Après quelques considérations sur les maladies zymotiques [3] (c’est-à-dire dont les causes étaient inconnues à l’époque), il développe un raisonnement qui veut que si il est impossible au micrographe de rechercher des éléments pathogènes qu’il ne connaît pas, il semble « évident que les bactéries meurtrières ou non possèdent toutes le même mode de diffusion, que le vent, la sécheresse ou la pluie » agiront de semblable façon sur les ferments morbides ou inoffensifs.
Ainsi donc, « comme l’observation le fait pressentir, les recrudescences des bactéries vulgaires doivent coïncider avec les recrudescences des bactéries infectieuses, […] ; en un mot, la statistique des schizomycètes [4] atmosphériques, effectuées en bloc, peut donner des indications utiles sur le nombre relativement grand ou faible des ferments morbides ».
- * Il s’agit là de valeurs approchées ; j’ai en effet dû les extrapoler du graphique original.
Ce sujet, à l’époque était tout à fait neuf. La figure 5 a été reconstruite à partir des données (Tableau 4) utilisées par Miquel qui proviennent des relevés météorologiques de Montsouris, de ses travaux de dénombrements bactériens dans l’atmosphère et des statistiques démographiques publiées par le Dr Bertillon (le frère de l’inventeur du Bertillonnage, c’est-à-dire les relevés anthropométriques).
« Du mois d’octobre 1879 à la première quinzaine de janvier 1880, la courbe des décès causés par les maladies épidémiques ou contagieuses présente de légères oscillations et une marche ascendante n’ayant aucun rapport avec la distribution des bactéries atmosphériques. […] C’est surtout à partir de fin janvier, après une recrudescence remarquable de bactéries, que la courbe des décès s’élève brusquement pour se maintenir haute, avec tendance à faiblir en février ».
Ces données ne permirent pas à Miquel de tirer des conclusions, qu’il ne voulait pas hâtives, considérant que ces fluctuations pouvaient être dues au hasard. Il essaya bien de relier les données métrologiques dont il disposait aux données de morbidité, maladie par maladie, mais l’état des connaissances microbiologiques de l’époque (on ne faisait pas encore bien la différence entre maladies causées par les bactéries, les virus ou … les miasmes [5] ; le bacille tuberculeux ne sera identifié que l’année suivante [6]) ne lui permettait pas de trancher. Il indique cependant qu’en « construisant une courbe avec la somme des décès causés par ces dernières affections [fièvre typhoïde, choléra infantile, fièvres éruptives], les coïncidences deviennent saisissantes ». Malheureusement, il ne donne pas la courbe, ni les chiffres…
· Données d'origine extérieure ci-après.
lemma block_digraph_regular:
  assumes "sbibd v k lam P I B" and \<phi>: "bij_betw \<phi> P I" and avoid: "\<forall>x\<in>P. x \<notin> B (\<phi> x)"
  shows "regular_digraph k P (block_digraph P \<phi> B)"
  unfolding regular_digraph_def
proof (intro conjI ballI)
  have "finite P" and blocks: "\<forall>i\<in>I. B i \<subseteq> P \<and> card (B i) = k"
    and rep: "\<forall>x\<in>P. card {i\<in>I. x \<in> B i} = k"
    using assms(1) unfolding sbibd_def by auto
  show "digraph P (block_digraph P \<phi> B)"
    using \<open>finite P\<close> avoid unfolding digraph_def block_digraph_def by auto
  fix x assume "x \<in> P"
  have "{y. (x, y) \<in> block_digraph P \<phi> B} = {y\<in>P. x \<in> B (\<phi> y)}"
    using \<open>x \<in> P\<close> unfolding block_digraph_def by auto
  then show "card {y. (x, y) \<in> block_digraph P \<phi> B} = k"
    using card_Collect_bij_betw[OF \<phi>, of "\<lambda>i. x \<in> B i"] rep \<open>x \<in> P\<close> by simp
  have "\<phi> x \<in> I" using \<phi> \<open>x \<in> P\<close> bij_betw_apply by fast
  then have "{y. (y, x) \<in> block_digraph P \<phi> B} = B (\<phi> x)"
    using \<open>x \<in> P\<close> blocks unfolding block_digraph_def by auto
  then show "card {y. (y, x) \<in> block_digraph P \<phi> B} = k"
    using blocks \<open>\<phi> x \<in> I\<close> by simp
qed

lemma block_digraph_friendship:
  assumes design: "sbibd v k 1 P I B" and "v \<ge> 2"
    and \<phi>: "bij_betw \<phi> P I" and avoid: "\<forall>x\<in>P. x \<notin> B (\<phi> x)"
  shows "friendship_digraph P (block_digraph P \<phi> B)"
  unfolding friendship_digraph_def
proof (intro conjI ballI impI)
  show "digraph P (block_digraph P \<phi> B)"
    using block_digraph_regular[OF assms(1) \<phi> avoid] unfolding regular_digraph_def by blast
  show "card P \<ge> 2" using design \<open>v \<ge> 2\<close> unfolding sbibd_def by simp
  fix x y assume "x \<in> P" "y \<in> P" "x \<noteq> y"
  have "{z. (x, z) \<in> block_digraph P \<phi> B \<and> (y, z) \<in> block_digraph P \<phi> B}
      = {z\<in>P. x \<in> B (\<phi> z) \<and> y \<in> B (\<phi> z)}"
    using \<open>x \<in> P\<close> \<open>y \<in> P\<close> unfolding block_digraph_def by auto
  also have "card \<dots> = 1"
    using card_Collect_bij_betw[OF \<phi>, of "\<lambda>i. x \<in> B i \<and> y \<in> B i"] design \<open>x \<in> P\<close> \<open>y \<in> P\<close> \<open>x \<noteq> y\<close>
    unfolding sbibd_def by simp
  finally show "\<exists>!z. (x, z) \<in> block_digraph P \<phi> B \<and> (y, z) \<in> block_digraph P \<phi> B"
    by (simp only: card_Collect_eq_1_iff)
qed

lemma complete_digraph_three_vertices:
  assumes "card V = 3"
  defines "A \<equiv> {(x, y) \<in> V \<times> V. x \<noteq> y}"
  shows "regular_digraph 2 V A \<and> friendship_digraph V A"
proof
  have "finite V" by (rule card_ge_0_finite) (simp add: assms)
  then have "digraph V A" unfolding digraph_def A_def by auto
  have "{y. (x, y) \<in> A} = V - {x}" "{y. (y, x) \<in> A} = V - {x}" if "x \<in> V" for x
    using that unfolding A_def by auto
  then show "regular_digraph 2 V A"
    using \<open>digraph V A\<close> \<open>finite V\<close> assms unfolding regular_digraph_def by simp
  show "friendship_digraph V A" unfolding friendship_digraph_def
  proof (intro conjI ballI impI \<open>digraph V A\<close>)
    show "card V \<ge> 2" using assms by simp
    fix x y assume "x \<in> V" "y \<in> V" "x \<noteq> y"
    then have "{z. (x, z) \<in> A \<and> (y, z) \<in> A} = V - {x, y}" unfolding A_def by auto
    also have "card \<dots> = 1"
      using \<open>x \<in> V\<close> \<open>y \<in> V\<close> \<open>x \<noteq> y\<close> \<open>finite V\<close> assms by (simp add: card_Diff_subset)
    finally show "\<exists>!z. (x, z) \<in> A \<and> (y, z) \<in> A" by (simp only: card_Collect_eq_1_iff)
  qed
qed

theorem theorem1p2:
  fixes k :: nat
  assumes "k \<ge> 2"
  shows "(\<exists>(V :: nat set) A. regular_digraph k V A \<and> friendship_digraph V A) \<longleftrightarrow>
         (\<exists>(P :: nat set) (I :: nat set) (B :: nat \<Rightarrow> nat set). sbibd (k^2 - k + 1) k 1 P I B)"
proof
  assume "\<exists>(V :: nat set) A. regular_digraph k V A \<and> friendship_digraph V A"
  then obtain V :: "nat set" and A where "regular_digraph k V A" "friendship_digraph V A" by blast
  moreover have "k * (k - 1) + 1 = k^2 - k + 1" by (simp add: power2_eq_square diff_mult_distrib2)
  ultimately show "\<exists>(P :: nat set) (I :: nat set) B. sbibd (k^2 - k + 1) k 1 P I B"
    using regular_friendship_digraph_sbibd regular_friendship_digraph_card by metis
next
  assume "\<exists>(P :: nat set) (I :: nat set) (B :: nat \<Rightarrow> nat set). sbibd (k^2 - k + 1) k 1 P I B"
  then obtain P I :: "nat set" and B where design: "sbibd (k^2 - k + 1) k 1 P I B" by blast
  show "\<exists>(V :: nat set) A. regular_digraph k V A \<and> friendship_digraph V A"
  proof (cases "k = 2")
    case True
    have "card {0, 1, 2 :: nat} = 3" by simp
    then show ?thesis using True complete_digraph_three_vertices by blast
  next
    case False
    then have "3 * k \<le> k * k" using \<open>k \<ge> 2\<close> by (intro mult_right_mono) auto
    then have v: "2 * k < k^2 - k + 1" unfolding power2_eq_square by linarith
    then obtain \<phi> where \<phi>: "bij_betw \<phi> P I" and avoid: "\<forall>x\<in>P. x \<notin> B (\<phi> x)"
      using design exists_bij_betw_avoiding_blocks[of P I B k] unfolding sbibd_def by auto
    have "k^2 - k + 1 \<ge> 2" using v \<open>k \<ge> 2\<close> by linarith
    then show ?thesis
      using block_digraph_regular[OF design \<phi> avoid] block_digraph_friendship[OF design _ \<phi> avoid]
      by blast
  qed
qed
Là où la valeur scientifique de Miquel se révèle c’est qu’il conclut en remarquant que ses mesures de bactéries de l’atmosphère sont pratiquées à Montsouris, mais que les parisiens qui meurent de ces affections habitent Paris intra muros. Ainsi, « l’Observatoire de Montsouris est, par sa situation, un lieu mal choisi pour obtenir la courbe des variations des bactéries tenues en suspension dans l’atmosphère du centre de Paris ». C’est pour cette raison qu’il a « jugé indispensable d’établir une station de microscopie peu éloignée du centre ». Le maire du IV ème arrondissement mettra à sa disposition un local rue de Rivoli et en 1882, dans l’Annuaire, le docteur Miquel développera cette question à partir de nouveaux travaux.